In 2000, the Democratic Party’s leftward shift on cultural issues — the environment, abortion, guns — lost them rural Louisiana, and with it, any real chance of winning the state’s electoral college votes. That year, George W. Bush won Louisiana by 8%, a 20% swing from Bill Clintons 12% victory four years earlier. Since 2000, the state has continued its rightward trend — going to Bush by 15% in 2004, McCain by 19% in 2008, Romney by 17% in 2012 and to Trump by 20% in 2016.

In 2016, Hillary Clinton improved on Barack Obama’s 2012 margin in only six parishes. Three of these (Orleans, East Baton Rouge, and Lafayette) are home to three of the state’s four biggest cities. Two (St. Tammany and Jefferson) are in the New Orleans suburbs. And one (East Carroll is in the Mississippi Delta with a population that is 69% black.

The swing in 2016 is in line with the state’s overall trend going back to 2000. Urban areas becoming ever more Democratic and rural ones more Republican. Suburban parishes, like Jefferson Parish outside New Orleans, may still have gone to Trump in 2016, but Democrats are inching closer. The dual demographic shifts of Hispanic and African-American voters moving into the state’s urban and suburban regions and college-educated white voters turning away from the Republican party has pushed the regions towards Democrats. Meanwhile, Republicans have racked up larger totals in the state’s rural regions, overwhelming Democratic gains and making Louisiana a safe bet in presidential years.  

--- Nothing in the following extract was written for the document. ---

(* Suppose that for some $C<\infty$ and $q>2$, $(\mathbb{E}[|Y(z)|^q])^{1/q}\le C$ and $\mathbb{E}[Y(z)^2\mid X=x]\le C$ for $z=0,1$ and all $x\in\mathcal{X}$. Let the observations $\{W_{ti}\}$ come from a non-adaptive batch experiment with batch propensities $e_1,\dots,e_T\in\mathcal{F}_\gamma$ for some $\gamma>0$, and let $e_{0,N}=\sum_t\frac{N_t}{N}e_t$, $e_0=\sum_t\kappa_te_t$. Define the AIPW score, for $\nu=(m(0,\cdot),m(1,\cdot))$, $$s_{\mathrm{AIPW}}(W;\theta,\nu,e)=m(1,X)-m(0,X)+\frac{Z(Y-m(1,X))}{e(X)}-\frac{(1-Z)(Y-m(0,X))}{1-e(X)}-\theta,$$ and write $s_{\mathrm{AIPW},b}=s_{\mathrm{AIPW}}+\theta$. Let $\nu_0=(m_0(0,\cdot),m_0(1,\cdot))$, $\theta_{0,\mathrm{ATE}}=\mathbb{E}[Y(1)-Y(0)]$, and $$\hat\theta^*_{\mathrm{AIPW}}=\frac1N\sum_{t=1}^T\sum_{i=1}^{N_t}s_{\mathrm{AIPW},b}(W_{ti};\nu_0,e_{0,N}).$$ Then $\sqrt N(\hat\theta^*_{\mathrm{AIPW}}-\theta_{0,\mathrm{ATE}})\xrightarrow{d}\mathcal{N}(0,V_{0,\mathrm{AIPW}})$ where $$V_{0,\mathrm{AIPW}}=\mathbb{E}\Big[\frac{v_0(1,X)}{e_0(X)}+\frac{v_0(0,X)}{1-e_0(X)}+\big(m_0(1,X)-m_0(0,X)-\theta_{0,\mathrm{ATE}}\big)^2\Big].$$
   Context: Setting: $T\ge2$ batches, batch $t$ has $N_t$ subjects, $N=\sum_tN_t\to\infty$ with $N_t/N\to\kappa_t\in(0,1)$. The vectors $(X_{ti},Y_{ti}(0),Y_{ti}(1))$, $X_{ti}\in\mathcal{X}\subseteq\mathbb{R}^d$, are i.i.d. over all $t,i$ from a distribution $P^S$; expectations without subscript are under $P^S$. Observed data $W_{ti}=(X_{ti},Z_{ti},Y_{ti})$ with $Y_{ti}=Z_{ti}Y_{ti}(1)+(1-Z_{ti})Y_{ti}(0)$. $m_0(z,x)=\mathbb{E}[Y(z)\mid X=x]$, $v_0(z,x)=\mathrm{Var}(Y(z)\mid X=x)$. $\mathcal{F}_\gamma$ is the set of measurable functions $\mathcal{X}\to[\gamma,1-\gamma]$. A non-adaptive batch experiment with nonrandom propensities $e_1,\dots,e_T$ assigns $Z_{ti}=\mathbf{1}(U_{ti}\le e_t(X_{ti}))$ with $U_{ti}$ i.i.d. Uniform$(0,1)$ independent of all $(X_{ti},Y_{ti}(0),Y_{ti}(1))$. *)

theory Defs
  imports "HOL-Probability.Probability"
begin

Last year, Democrat John Bel Edwards was able to pull off an unusual victory in the state’s gubernatorial election. Edwards won by increasing the black share of the electorate, increasing margins among college-educated white voters, and holding on to enough rural white voters to not get swamped by them in the final tally. Still, it is far easier to pull voters away from their partisan loyalties in non-federal elections.

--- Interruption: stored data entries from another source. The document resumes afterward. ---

lemma inj_if_flat_local_hom:
  fixes Q :: "('a, 'c) ring_scheme" and A :: "('b, 'd) ring_scheme"
  assumes local: "local_ring Q" "local_ring A" and hom: "\<pi> \<in> ring_hom Q A"
    and local_hom: "\<pi> ` max_ideal Q \<subseteq> max_ideal A" and flat: "flat_hom Q A \<pi>"
  shows "inj_on \<pi> (carrier Q)"
proof -
  interpret ring_hom_ring Q A \<pi> using ring_hom_ring_if_local_rings[OF local hom] .
  have "q = \<zero>\<^bsub>Q\<^esub>" if q: "q \<in> carrier Q" "\<pi> q = \<zero>\<^bsub>A\<^esub>" for q
  proof -
    have "(\<Oplus>\<^bsub>A\<^esub> i\<in>{..<1}. \<pi> q \<otimes>\<^bsub>A\<^esub> \<one>\<^bsub>A\<^esub>) = \<zero>\<^bsub>A\<^esub>" using q by simp
    then obtain m and a :: "nat \<Rightarrow> nat \<Rightarrow> 'a" and y :: "nat \<Rightarrow> 'b"
      where y: "y ` {..<m} \<subseteq> carrier A" and a: "\<forall>j<m. a 0 j \<in> carrier Q"
        and one: "\<one>\<^bsub>A\<^esub> = (\<Oplus>\<^bsub>A\<^esub> j\<in>{..<m}. \<pi> (a 0 j) \<otimes>\<^bsub>A\<^esub> y j)"
        and rel: "\<forall>j<m. q \<otimes>\<^bsub>Q\<^esub> a 0 j = \<zero>\<^bsub>Q\<^esub>"
      using flat[unfolded flat_hom_def, rule_format, where n = 1 and f = "\<lambda>_. q" and x = "\<lambda>_. \<one>\<^bsub>A\<^esub>"] q
      by (auto simp: lessThan_Suc R.finsum_insert)
    have "\<exists>j<m. a 0 j \<notin> max_ideal Q"
    proof (rule ccontr)
      assume "\<not> ?thesis"
      then have "\<pi> (a 0 j) \<otimes>\<^bsub>A\<^esub> y j \<in> max_ideal A" if "j < m" for j
        using local_hom y ideal.I_r_closed[OF ideal_max_ideal[OF local(2)]] that by blast
      then have "\<one>\<^bsub>A\<^esub> \<in> max_ideal A"
        unfolding one by (intro S.finsum_mem_ideal[OF ideal_max_ideal[OF local(2)]]) auto
      with one_not_in_max_ideal[OF local(2)] show False by contradiction
    qed
    then obtain j where j: "j < m" "a 0 j \<notin> max_ideal Q" by blast
    with a have unit: "a 0 j \<in> Units Q" using Units_if_not_in_max_ideal[OF local(1)] by blast
    have "q = (q \<otimes>\<^bsub>Q\<^esub> a 0 j) \<otimes>\<^bsub>Q\<^esub> inv\<^bsub>Q\<^esub> (a 0 j)"
      using R.m_assoc[OF q(1) R.Units_closed[OF unit] R.Units_inv_closed[OF unit]]
        R.Units_r_inv[OF unit] q(1) by simp
    also have "\<dots> = \<zero>\<^bsub>Q\<^esub>" using rel j(1) R.Units_inv_closed[OF unit] by simp
    finally show ?thesis .
  qed
  then have "a_kernel Q A \<pi> = {\<zero>\<^bsub>Q\<^esub>}" unfolding a_kernel_def' by auto
  then show ?thesis by (rule trivial_ker_imp_inj)
qed

theorem corollary4p3:
  fixes A :: "'a ring" and Q :: "'b ring" and \<pi> :: "'b \<Rightarrow> 'a"
  assumes "complete_local_ring A"
    and "\<not> regular_local_ring A"
    and "minimal_cohen_presentation Q A \<pi>"
  shows "basically_regular Q A \<pi> \<and> \<not> flat_hom Q A \<pi>"
proof
  have local: "local_ring Q" "local_ring A" and regular_Q: "regular_local_ring Q"
    and hom: "\<pi> \<in> ring_hom Q A" and surj: "\<pi> ` carrier Q = carrier A"
    and ker: "a_kernel Q A \<pi> \<subseteq> max_ideal Q \<cdot>\<^bsub>Q\<^esub> max_ideal Q"
    using assms(1,3)
    unfolding minimal_cohen_presentation_def cohen_presentation_def complete_local_ring_def
    by auto
  show "basically_regular Q A \<pi>"
    using basically_regular_if_surj_ker_subset_sq[OF local hom surj ker] .
  show "\<not> flat_hom Q A \<pi>"
  proof
    assume flat: "flat_hom Q A \<pi>"
    have "\<pi> ` max_ideal Q = max_ideal A"
      using img_max_ideal_if_surj[OF local ring_hom_ring_if_local_rings[OF local hom] surj] .
    then have "inj_on \<pi> (carrier Q)" using inj_if_flat_local_hom[OF local hom _ flat] by simp
    with hom surj have "\<pi> \<in> ring_iso Q A" unfolding ring_iso_def bij_betw_def by simp
    with assms(2) show False using regular_local_ring_if_ring_iso[OF local _ regular_Q] by blast
  qed
qed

J. Miles Coleman of Sabato’s Crystal Ball writes that “the conventional winning formula for a Democrat in Louisiana is 30% of the white vote combined with a 30% black electorate.” Edwards managed to pull off a win using this formula last year, but he was a popular and socially moderate incumbent running in a non-federal election. It’s difficult to imagine any Democrat being able to maneuver the Louisiana electorate so deftly in a presidential election. Given that Joe Biden will almost certainly be unable to thread this needle in the polarized environment of a presidential election, Donald Trump is a safe bet to win Louisiana.